Data provided below:

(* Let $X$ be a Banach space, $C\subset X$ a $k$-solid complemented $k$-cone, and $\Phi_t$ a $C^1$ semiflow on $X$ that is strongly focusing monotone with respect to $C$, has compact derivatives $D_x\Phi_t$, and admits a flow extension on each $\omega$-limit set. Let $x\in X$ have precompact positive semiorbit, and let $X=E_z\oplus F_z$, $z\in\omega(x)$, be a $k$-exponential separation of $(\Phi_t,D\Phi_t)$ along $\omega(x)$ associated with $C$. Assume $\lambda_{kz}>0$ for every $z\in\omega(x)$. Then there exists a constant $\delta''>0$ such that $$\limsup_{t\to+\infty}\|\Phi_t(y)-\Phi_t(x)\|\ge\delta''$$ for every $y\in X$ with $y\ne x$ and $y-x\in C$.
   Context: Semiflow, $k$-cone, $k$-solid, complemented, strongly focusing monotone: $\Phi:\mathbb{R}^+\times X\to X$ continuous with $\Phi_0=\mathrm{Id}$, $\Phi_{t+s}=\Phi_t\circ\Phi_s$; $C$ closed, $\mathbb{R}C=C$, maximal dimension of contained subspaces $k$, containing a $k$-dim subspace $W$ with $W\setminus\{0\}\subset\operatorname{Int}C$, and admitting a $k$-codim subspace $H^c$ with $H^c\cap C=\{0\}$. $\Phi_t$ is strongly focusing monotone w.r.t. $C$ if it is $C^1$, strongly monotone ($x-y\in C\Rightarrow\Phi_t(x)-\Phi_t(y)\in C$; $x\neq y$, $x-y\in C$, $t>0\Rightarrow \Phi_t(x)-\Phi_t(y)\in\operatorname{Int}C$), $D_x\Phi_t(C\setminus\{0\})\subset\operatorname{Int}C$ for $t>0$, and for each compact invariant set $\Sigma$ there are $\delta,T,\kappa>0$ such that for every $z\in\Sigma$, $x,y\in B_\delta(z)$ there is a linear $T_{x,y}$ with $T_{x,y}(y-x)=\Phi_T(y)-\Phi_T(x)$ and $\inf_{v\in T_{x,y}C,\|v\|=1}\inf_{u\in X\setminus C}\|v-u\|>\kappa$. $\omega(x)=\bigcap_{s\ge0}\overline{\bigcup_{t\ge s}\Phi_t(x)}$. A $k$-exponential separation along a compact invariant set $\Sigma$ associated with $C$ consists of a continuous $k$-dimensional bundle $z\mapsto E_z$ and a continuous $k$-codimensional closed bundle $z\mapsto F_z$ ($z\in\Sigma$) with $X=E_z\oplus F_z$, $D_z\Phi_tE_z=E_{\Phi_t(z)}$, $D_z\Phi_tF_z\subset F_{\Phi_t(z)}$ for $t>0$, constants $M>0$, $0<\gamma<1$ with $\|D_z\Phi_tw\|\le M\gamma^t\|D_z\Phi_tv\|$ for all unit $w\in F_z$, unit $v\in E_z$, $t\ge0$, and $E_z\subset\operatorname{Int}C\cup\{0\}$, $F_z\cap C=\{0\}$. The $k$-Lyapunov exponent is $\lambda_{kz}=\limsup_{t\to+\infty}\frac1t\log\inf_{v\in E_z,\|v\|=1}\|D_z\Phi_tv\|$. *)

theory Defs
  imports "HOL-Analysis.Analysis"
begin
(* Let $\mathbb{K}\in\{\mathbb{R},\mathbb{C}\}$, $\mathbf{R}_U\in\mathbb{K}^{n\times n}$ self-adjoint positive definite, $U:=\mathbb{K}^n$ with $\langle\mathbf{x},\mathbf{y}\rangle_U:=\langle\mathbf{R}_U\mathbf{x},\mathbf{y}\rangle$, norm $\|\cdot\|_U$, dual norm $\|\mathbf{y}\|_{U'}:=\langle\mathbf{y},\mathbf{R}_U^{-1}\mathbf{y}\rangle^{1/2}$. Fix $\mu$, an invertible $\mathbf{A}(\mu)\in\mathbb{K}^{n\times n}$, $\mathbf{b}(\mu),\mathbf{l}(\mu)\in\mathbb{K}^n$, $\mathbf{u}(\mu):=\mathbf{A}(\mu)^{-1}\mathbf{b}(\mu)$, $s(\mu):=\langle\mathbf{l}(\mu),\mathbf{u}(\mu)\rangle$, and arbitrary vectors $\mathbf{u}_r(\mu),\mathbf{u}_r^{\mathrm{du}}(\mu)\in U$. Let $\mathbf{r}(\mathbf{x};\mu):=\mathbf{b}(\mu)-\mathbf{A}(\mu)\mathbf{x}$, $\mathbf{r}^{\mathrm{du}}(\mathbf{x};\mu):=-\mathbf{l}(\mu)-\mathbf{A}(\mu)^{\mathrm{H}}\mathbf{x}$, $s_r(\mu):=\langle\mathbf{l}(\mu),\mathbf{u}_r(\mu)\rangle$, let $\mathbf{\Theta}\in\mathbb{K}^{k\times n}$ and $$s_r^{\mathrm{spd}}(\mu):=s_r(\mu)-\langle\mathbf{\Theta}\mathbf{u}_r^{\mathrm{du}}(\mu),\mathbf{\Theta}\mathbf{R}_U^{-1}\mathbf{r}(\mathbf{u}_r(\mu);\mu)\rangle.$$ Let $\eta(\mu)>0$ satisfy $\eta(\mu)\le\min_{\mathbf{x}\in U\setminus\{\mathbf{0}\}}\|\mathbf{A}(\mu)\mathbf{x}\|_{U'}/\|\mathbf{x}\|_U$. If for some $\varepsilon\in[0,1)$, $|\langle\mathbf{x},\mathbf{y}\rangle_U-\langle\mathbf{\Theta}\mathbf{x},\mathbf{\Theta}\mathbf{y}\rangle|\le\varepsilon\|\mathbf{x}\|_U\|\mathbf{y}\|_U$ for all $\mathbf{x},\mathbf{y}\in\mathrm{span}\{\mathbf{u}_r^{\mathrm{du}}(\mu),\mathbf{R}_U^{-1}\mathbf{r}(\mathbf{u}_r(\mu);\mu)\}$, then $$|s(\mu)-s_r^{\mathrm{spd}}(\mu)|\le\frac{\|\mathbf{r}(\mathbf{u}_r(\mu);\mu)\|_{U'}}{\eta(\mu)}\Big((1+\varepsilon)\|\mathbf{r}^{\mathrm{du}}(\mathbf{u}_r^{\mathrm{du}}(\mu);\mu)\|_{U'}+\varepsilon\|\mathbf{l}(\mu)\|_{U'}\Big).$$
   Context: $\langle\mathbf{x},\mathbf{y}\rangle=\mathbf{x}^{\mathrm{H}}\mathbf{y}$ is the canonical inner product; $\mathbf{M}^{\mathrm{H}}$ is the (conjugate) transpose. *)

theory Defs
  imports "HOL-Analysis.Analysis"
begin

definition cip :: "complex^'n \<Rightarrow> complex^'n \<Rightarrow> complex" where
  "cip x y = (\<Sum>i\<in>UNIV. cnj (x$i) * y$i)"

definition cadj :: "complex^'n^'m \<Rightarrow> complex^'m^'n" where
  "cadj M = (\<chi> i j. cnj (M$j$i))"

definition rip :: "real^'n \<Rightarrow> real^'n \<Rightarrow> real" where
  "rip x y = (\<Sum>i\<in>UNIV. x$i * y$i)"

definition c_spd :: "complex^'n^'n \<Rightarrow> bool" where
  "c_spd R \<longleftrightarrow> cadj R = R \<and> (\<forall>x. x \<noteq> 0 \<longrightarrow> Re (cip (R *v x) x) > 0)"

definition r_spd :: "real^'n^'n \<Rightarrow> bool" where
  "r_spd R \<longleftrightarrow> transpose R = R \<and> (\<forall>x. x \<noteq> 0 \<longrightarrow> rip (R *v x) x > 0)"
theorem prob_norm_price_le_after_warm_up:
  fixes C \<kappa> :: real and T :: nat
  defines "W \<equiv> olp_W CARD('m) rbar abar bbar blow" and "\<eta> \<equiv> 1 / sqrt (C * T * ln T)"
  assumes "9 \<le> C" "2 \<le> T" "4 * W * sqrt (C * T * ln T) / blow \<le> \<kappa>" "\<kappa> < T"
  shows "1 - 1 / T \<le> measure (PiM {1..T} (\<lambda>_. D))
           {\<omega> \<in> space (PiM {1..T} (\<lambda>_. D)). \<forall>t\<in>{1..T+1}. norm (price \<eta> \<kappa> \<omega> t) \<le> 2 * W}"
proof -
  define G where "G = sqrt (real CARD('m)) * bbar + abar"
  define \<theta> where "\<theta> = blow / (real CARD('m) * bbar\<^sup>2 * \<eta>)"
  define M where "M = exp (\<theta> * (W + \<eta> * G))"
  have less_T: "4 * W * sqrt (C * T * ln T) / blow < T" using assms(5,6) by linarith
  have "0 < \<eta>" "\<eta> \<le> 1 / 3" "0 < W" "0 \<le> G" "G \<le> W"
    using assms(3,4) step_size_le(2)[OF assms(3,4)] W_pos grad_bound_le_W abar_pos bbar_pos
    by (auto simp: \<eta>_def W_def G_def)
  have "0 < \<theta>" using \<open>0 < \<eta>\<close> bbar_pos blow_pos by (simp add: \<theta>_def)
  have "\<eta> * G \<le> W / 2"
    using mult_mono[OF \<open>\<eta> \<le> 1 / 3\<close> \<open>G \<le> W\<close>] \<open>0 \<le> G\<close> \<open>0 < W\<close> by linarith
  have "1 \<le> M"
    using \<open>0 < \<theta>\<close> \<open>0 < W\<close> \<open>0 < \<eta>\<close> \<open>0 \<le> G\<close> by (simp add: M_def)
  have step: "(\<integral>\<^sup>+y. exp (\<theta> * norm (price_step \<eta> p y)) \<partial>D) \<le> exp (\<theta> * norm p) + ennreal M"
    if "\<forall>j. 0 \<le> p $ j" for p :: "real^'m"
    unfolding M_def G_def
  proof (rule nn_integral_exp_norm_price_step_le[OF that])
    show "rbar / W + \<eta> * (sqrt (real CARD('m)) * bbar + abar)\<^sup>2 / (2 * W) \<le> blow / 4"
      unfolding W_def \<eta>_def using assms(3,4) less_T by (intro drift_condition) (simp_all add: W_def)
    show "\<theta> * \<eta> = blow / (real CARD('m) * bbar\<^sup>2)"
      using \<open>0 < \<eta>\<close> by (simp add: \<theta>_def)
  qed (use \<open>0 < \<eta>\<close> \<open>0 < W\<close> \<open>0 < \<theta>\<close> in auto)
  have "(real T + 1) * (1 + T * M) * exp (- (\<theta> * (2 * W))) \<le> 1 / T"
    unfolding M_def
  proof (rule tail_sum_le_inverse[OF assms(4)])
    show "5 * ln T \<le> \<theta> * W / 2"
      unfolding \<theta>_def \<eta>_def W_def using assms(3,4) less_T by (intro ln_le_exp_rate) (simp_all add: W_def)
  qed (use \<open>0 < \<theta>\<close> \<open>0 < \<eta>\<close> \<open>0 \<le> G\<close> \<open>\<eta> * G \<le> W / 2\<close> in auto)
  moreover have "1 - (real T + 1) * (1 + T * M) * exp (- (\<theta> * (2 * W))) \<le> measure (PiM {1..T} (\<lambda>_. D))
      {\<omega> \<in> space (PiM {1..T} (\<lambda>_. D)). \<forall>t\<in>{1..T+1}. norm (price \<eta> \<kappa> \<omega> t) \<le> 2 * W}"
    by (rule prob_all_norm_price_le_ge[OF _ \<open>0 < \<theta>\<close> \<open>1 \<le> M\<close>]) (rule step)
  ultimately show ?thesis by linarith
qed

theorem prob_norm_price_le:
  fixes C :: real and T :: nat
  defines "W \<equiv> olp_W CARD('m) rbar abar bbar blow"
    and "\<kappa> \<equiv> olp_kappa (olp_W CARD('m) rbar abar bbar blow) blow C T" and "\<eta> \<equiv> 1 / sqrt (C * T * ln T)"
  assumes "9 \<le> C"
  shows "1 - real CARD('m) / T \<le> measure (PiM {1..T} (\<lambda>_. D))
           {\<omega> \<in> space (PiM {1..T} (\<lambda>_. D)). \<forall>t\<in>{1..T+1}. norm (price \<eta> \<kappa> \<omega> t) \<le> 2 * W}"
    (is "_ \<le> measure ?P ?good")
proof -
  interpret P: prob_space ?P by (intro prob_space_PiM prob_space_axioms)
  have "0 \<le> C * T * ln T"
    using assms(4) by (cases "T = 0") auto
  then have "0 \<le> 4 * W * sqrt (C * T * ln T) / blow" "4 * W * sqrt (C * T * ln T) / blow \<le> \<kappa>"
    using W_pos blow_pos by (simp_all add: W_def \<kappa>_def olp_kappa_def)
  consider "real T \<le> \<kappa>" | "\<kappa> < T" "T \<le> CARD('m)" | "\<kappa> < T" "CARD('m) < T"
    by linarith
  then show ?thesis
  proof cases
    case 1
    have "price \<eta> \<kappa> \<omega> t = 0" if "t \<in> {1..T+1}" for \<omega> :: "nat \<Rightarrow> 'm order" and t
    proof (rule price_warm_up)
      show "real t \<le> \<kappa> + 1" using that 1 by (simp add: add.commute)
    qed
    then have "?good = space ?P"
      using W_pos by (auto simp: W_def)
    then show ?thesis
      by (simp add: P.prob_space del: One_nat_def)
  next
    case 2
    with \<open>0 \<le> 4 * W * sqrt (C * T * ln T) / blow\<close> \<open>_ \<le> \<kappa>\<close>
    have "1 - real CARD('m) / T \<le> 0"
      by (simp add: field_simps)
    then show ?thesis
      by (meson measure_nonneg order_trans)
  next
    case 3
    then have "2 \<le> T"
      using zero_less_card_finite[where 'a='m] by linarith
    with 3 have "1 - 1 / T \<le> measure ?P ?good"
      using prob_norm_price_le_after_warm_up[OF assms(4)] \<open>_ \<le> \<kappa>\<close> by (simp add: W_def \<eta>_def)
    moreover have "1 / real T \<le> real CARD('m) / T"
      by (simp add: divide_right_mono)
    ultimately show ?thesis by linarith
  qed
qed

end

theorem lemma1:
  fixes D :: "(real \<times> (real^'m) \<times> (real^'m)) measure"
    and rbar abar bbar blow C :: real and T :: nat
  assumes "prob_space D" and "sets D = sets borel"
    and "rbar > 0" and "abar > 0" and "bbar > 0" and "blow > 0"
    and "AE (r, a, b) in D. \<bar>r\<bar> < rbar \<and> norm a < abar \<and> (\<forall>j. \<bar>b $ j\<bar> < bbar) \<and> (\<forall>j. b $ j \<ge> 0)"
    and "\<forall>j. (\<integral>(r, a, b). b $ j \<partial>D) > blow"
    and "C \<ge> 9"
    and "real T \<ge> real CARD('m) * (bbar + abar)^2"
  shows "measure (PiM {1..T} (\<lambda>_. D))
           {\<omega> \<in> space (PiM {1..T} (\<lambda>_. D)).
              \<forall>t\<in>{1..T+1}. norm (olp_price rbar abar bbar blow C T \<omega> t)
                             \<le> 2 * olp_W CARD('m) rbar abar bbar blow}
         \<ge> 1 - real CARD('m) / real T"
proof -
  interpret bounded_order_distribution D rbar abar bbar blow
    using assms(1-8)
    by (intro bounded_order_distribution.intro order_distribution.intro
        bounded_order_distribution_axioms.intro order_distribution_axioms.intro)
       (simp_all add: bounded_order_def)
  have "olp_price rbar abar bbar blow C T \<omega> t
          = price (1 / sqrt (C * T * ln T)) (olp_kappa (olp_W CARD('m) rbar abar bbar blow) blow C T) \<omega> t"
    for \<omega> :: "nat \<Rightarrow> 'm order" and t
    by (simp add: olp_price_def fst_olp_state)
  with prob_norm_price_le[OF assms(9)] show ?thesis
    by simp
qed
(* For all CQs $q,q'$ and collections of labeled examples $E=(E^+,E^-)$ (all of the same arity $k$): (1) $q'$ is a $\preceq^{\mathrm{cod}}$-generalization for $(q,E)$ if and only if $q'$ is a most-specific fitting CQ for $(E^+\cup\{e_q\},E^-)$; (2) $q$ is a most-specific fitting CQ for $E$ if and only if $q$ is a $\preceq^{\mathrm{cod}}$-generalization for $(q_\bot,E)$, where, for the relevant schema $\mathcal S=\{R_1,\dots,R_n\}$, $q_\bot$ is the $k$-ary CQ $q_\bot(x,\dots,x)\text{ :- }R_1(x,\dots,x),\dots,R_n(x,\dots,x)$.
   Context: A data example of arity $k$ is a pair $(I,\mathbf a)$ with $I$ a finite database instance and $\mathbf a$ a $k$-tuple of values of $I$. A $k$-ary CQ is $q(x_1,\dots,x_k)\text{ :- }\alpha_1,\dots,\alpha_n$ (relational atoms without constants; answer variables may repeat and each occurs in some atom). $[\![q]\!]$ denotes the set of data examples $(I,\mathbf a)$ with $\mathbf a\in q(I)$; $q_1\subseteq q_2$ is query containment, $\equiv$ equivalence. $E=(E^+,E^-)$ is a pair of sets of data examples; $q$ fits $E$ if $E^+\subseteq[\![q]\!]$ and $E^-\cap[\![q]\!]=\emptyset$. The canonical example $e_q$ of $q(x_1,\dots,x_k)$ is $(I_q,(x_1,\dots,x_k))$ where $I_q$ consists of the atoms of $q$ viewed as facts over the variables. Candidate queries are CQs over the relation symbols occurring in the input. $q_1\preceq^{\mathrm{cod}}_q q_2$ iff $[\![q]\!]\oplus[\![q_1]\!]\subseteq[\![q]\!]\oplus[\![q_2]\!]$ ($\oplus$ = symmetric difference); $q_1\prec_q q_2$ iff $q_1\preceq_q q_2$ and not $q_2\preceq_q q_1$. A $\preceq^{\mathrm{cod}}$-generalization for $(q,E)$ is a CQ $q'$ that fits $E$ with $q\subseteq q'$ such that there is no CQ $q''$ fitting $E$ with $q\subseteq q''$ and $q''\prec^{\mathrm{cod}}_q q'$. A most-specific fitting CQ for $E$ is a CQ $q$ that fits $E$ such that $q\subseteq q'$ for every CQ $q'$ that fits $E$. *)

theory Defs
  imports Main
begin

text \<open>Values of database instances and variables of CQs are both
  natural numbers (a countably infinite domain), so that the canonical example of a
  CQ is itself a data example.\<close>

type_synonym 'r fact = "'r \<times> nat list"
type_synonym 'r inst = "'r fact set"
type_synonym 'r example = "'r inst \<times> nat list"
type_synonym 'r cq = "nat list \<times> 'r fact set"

End of Data provided.

▸ **Exercise objective**: Could you repeat exactly the lines in the listing above from the one with "using W_pos blow_pos" down to the one with "proof (rule price_warm_up)"? Include both of those lines.

▸ **Solution to the problem**:
    using W_pos blow_pos by (simp_all add: W_def \<kappa>_def olp_kappa_def)
  consider "real T \<le> \<kappa>" | "\<kappa> < T" "T \<le> CARD('m)" | "\<kappa> < T" "CARD('m) < T"
    by linarith
  then show ?thesis
  proof cases
    case 1
    have "price \<eta> \<kappa> \<omega> t = 0" if "t \<in> {1..T+1}" for \<omega> :: "nat \<Rightarrow> 'm order" and t
    proof (rule price_warm_up)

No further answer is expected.